[Math] Alternative definition of monoidal categories

ct.category-theorymonoidal-categories

My question is about monoidal categories. To motivate it, let me first recall something about group objects.

Assume you define a group object in a category $C$ with products by an object $G$ together with morphisms $G \times G \to G, G \to G, * \to G$, so that the diagrams commute which correspond to the group axioms. Then you want to generalize some elementary properties from usual groups ($C=Set$) to these group objects, but it is quite hard to write down the relevant diagrams. For example when you want to prove that there is a actually at most one unit $* \to G$, a morphism $G \to G'$ between group objects which respects the multiplication already respects the inversion and the unit, left-inverse implies right-inverse, etc. But all this may be reduced to the case $C=Set$ by using the Yoneda-Lemma and the the definition of a group object as an object together with a factoriation of its hom-functor over the category of usual groups. Then these calculations are easy and you don't have to produce all these diagrams.

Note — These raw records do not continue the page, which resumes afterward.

lemma admissible_fixed_point_eq_vsol:
  assumes W: "admissible W W'" "picard W = W"
  shows "W = vsol"
proof
  fix t
  show "W t = vsol t"
  proof (cases "t \<le> 0")
    case True
    then show ?thesis using admissibleD(1)[OF W(1)] by (simp add: vsol_def)
  next
    case False
    then obtain MV MD C lam where "picard_window h Rm \<mu> q j a b t MV MD C lam"
      using picard_window_exists[of t] by force
    then interpret picard_window h Rm \<mu> q j a b t MV MD C lam .
    show ?thesis using fixed_points_agree[OF W vsol_admissible picard_vsol] False by simp
  qed
qed

section \<open>The solution and the semiflow\<close>

lemma traj_vsol_is_sol: "is_sol h Rm q j \<mu> (a, b) (traj vsol)"
proof -
  note V = vsol_admissible
  have "\<forall>t\<ge>-h. (fst (traj vsol) has_real_derivative wcomp' vsol t) (at t within {-h..}) \<and>
      (snd (traj vsol) has_real_derivative vsol' t) (at t within {-h..})"
    using wcomp_has_derivative(1)[OF V] admissibleD(3)[OF V] by (simp add: traj_def)
  moreover have "\<forall>t>0. wcomp' vsol t = q (snd (traj vsol) t) * fst (traj vsol) t \<and>
      vsol' t = j (seg h (traj vsol) t) - \<mu> * snd (traj vsol) t"
    using jtraj_vsol by (simp add: wcomp'_def wcomp_def vsol'_def vsol_def traj_def jtraj_def)
  moreover have "\<forall>t\<ge>0. seg h (traj vsol) t \<in> Uset h Rm"
    using seg_traj_Uplus[OF V] Uplus_subset_Uset by blast
  ultimately show ?thesis
    unfolding is_sol_def using wcomp_has_derivative(2)[OF V] admissibleD(2)[OF V] seg_traj_0[OF V] by blast
qed

lemma seg_traj_vsol_Xplus:
  assumes t: "t \<ge> 0"
  shows "seg h (traj vsol) t \<in> Xplus h Rm q j \<mu>"
proof (cases "t = 0")
  case True
  then show ?thesis using seg_traj_0[OF vsol_admissible] init_Xplus by simp
next
  case False
  then have t0: "t > 0" using t by simp
  have U: "seg h (traj vsol) t \<in> Uplus h" by (rule seg_traj_Uplus[OF vsol_admissible t])
  have "dr h (fst (seg h (traj vsol) t)) 0 = wcomp' vsol t" "dr h (snd (seg h (traj vsol) t)) 0 = vsol' t"
    using dr_fst_seg_traj[OF vsol_admissible t, of 0] dr_snd_seg_traj[OF vsol_admissible t, of 0] h_pos by simp_all
  then have "(dr h (fst (seg h (traj vsol) t)) 0, dr h (snd (seg h (traj vsol) t)) 0) = Fmap q j \<mu> (seg h (traj vsol) t)"
    using t0 jtraj_vsol[of t] by (simp add: Fmap_def seg_traj_0_apply wcomp'_def wcomp_def vsol'_def vsol_def jtraj_def)
  then show ?thesis using U Uplus_subset_Uset by (auto simp: Xplus_def Xset_def)
qed

lemma is_solE:
  assumes "is_sol h Rm q j \<mu> (a, b) y"
  obtains w' v' where "\<And>t. t \<ge> -h \<Longrightarrow> (fst y has_real_derivative w' t) (at t within {-h..})"
    "continuous_on {-h..} v'"
    "\<And>t. t \<ge> -h \<Longrightarrow> (snd y has_real_derivative v' t) (at t within {-h..})"
    "\<And>t. t > 0 \<Longrightarrow> w' t = q (snd y t) * fst y t"
    "\<And>t. t > 0 \<Longrightarrow> v' t = j (seg h y t) - \<mu> * snd y t"
    "\<And>\<theta>. \<theta> \<in> {-h..0} \<Longrightarrow> fst y \<theta> = a \<theta> \<and> snd y \<theta> = b \<theta>"
proof -
  from assms obtain w' v' where "continuous_on {-h..} v'"
    "\<forall>t\<ge>-h. (fst y has_real_derivative w' t) (at t within {-h..}) \<and>
       (snd y has_real_derivative v' t) (at t within {-h..})"
    "\<forall>t>0. w' t = q (snd y t) * fst y t \<and> v' t = j (seg h y t) - \<mu> * snd y t"
    and y0: "seg h y 0 = (a, b)"
    unfolding is_sol_def by blast
  moreover have "fst y \<theta> = a \<theta> \<and> snd y \<theta> = b \<theta>" if "\<theta> \<in> {-h..0}" for \<theta>
  proof -
    have "fst (seg h y 0) \<theta> = a \<theta>" "snd (seg h y 0) \<theta> = b \<theta>" using y0 by simp_all
    then show ?thesis using that by (simp add: seg_def)
  qed
  ultimately show ?thesis using that by blast
qed

definition vpart :: "state \<Rightarrow> real \<Rightarrow> real" where
  "vpart y t = (if t \<le> 0 then b t else snd y t)"

context
  fixes y :: state and w' v' :: "real \<Rightarrow> real"
  assumes fst_y_has_derivative: "\<And>t. t \<ge> -h \<Longrightarrow> (fst y has_real_derivative w' t) (at t within {-h..})"
    and v'_continuous: "continuous_on {-h..} v'"
    and snd_y_has_derivative: "\<And>t. t \<ge> -h \<Longrightarrow> (snd y has_real_derivative v' t) (at t within {-h..})"
    and w'_eq: "\<And>t. t > 0 \<Longrightarrow> w' t = q (snd y t) * fst y t"
    and v'_eq: "\<And>t. t > 0 \<Longrightarrow> v' t = j (seg h y t) - \<mu> * snd y t"
    and y_init: "\<And>\<theta>. \<theta> \<in> {-h..0} \<Longrightarrow> fst y \<theta> = a \<theta> \<and> snd y \<theta> = b \<theta>"
    and y_Xplus: "\<And>s. s \<ge> 0 \<Longrightarrow> seg h y s \<in> Xplus h Rm q j \<mu>"
begin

My question is: Is there a similar definition for a monoidal category? Specifically, I want to see a neat (diagram-free?) proof of Lemma 3.2.5 in this note (Pareigis' lectures on quantum groups), which is intuitive and does not come up with diagrams without motivating them. (For me, "We tried to prove it and finally this diagram worked" is no intuition.) The lemma implies for example that the endomorphism monoid of the unit object of a monoidal category is abelian, which is quite surprising (for me). This Lemma is just one example. It seems to me that monoidal categories are "weak monoids in the 2-category Cat", but I don't see yet if this description actually simplifies these diagrams.

Best Answer

The kind of thing you are looking for applies not just to monoidal categories, but to bicategories, and it is called the bicategorical Yoneda lemma. If $B$ is a small bicategory, one may form the strict 2-category $[B^{op}, Cat]$ consisting of weak 2-functors (aka homomorphisms), pseudonatural transformations, and modifications from $B^{op}$ to $Cat$. Then there is a Yoneda embedding

$$y: B \to [B^{op}, Cat]$$

sending an object $b$ to $\hom(-, b)$, and the mapping of $B$ onto its image is a bi-equivalence. The image however is a strict 2-category, and hence we get from this a coherence theorem which assures us that all definable diagrams (in say the free monoidal category generated by a discrete category) commute. This line of thinking was introduced by Street in his paper Fibrations in Bicategories (for which there is also a correction).

This is really the modern point of view on coherence in monoidal categories. An exposition which focuses on monoidal categories can be found (I believe) in Braided Tensor Categories by Joyal and Street.

It is true that monoidal categories can be described as weak monoids, but this by itself doesn't solve coherence issues.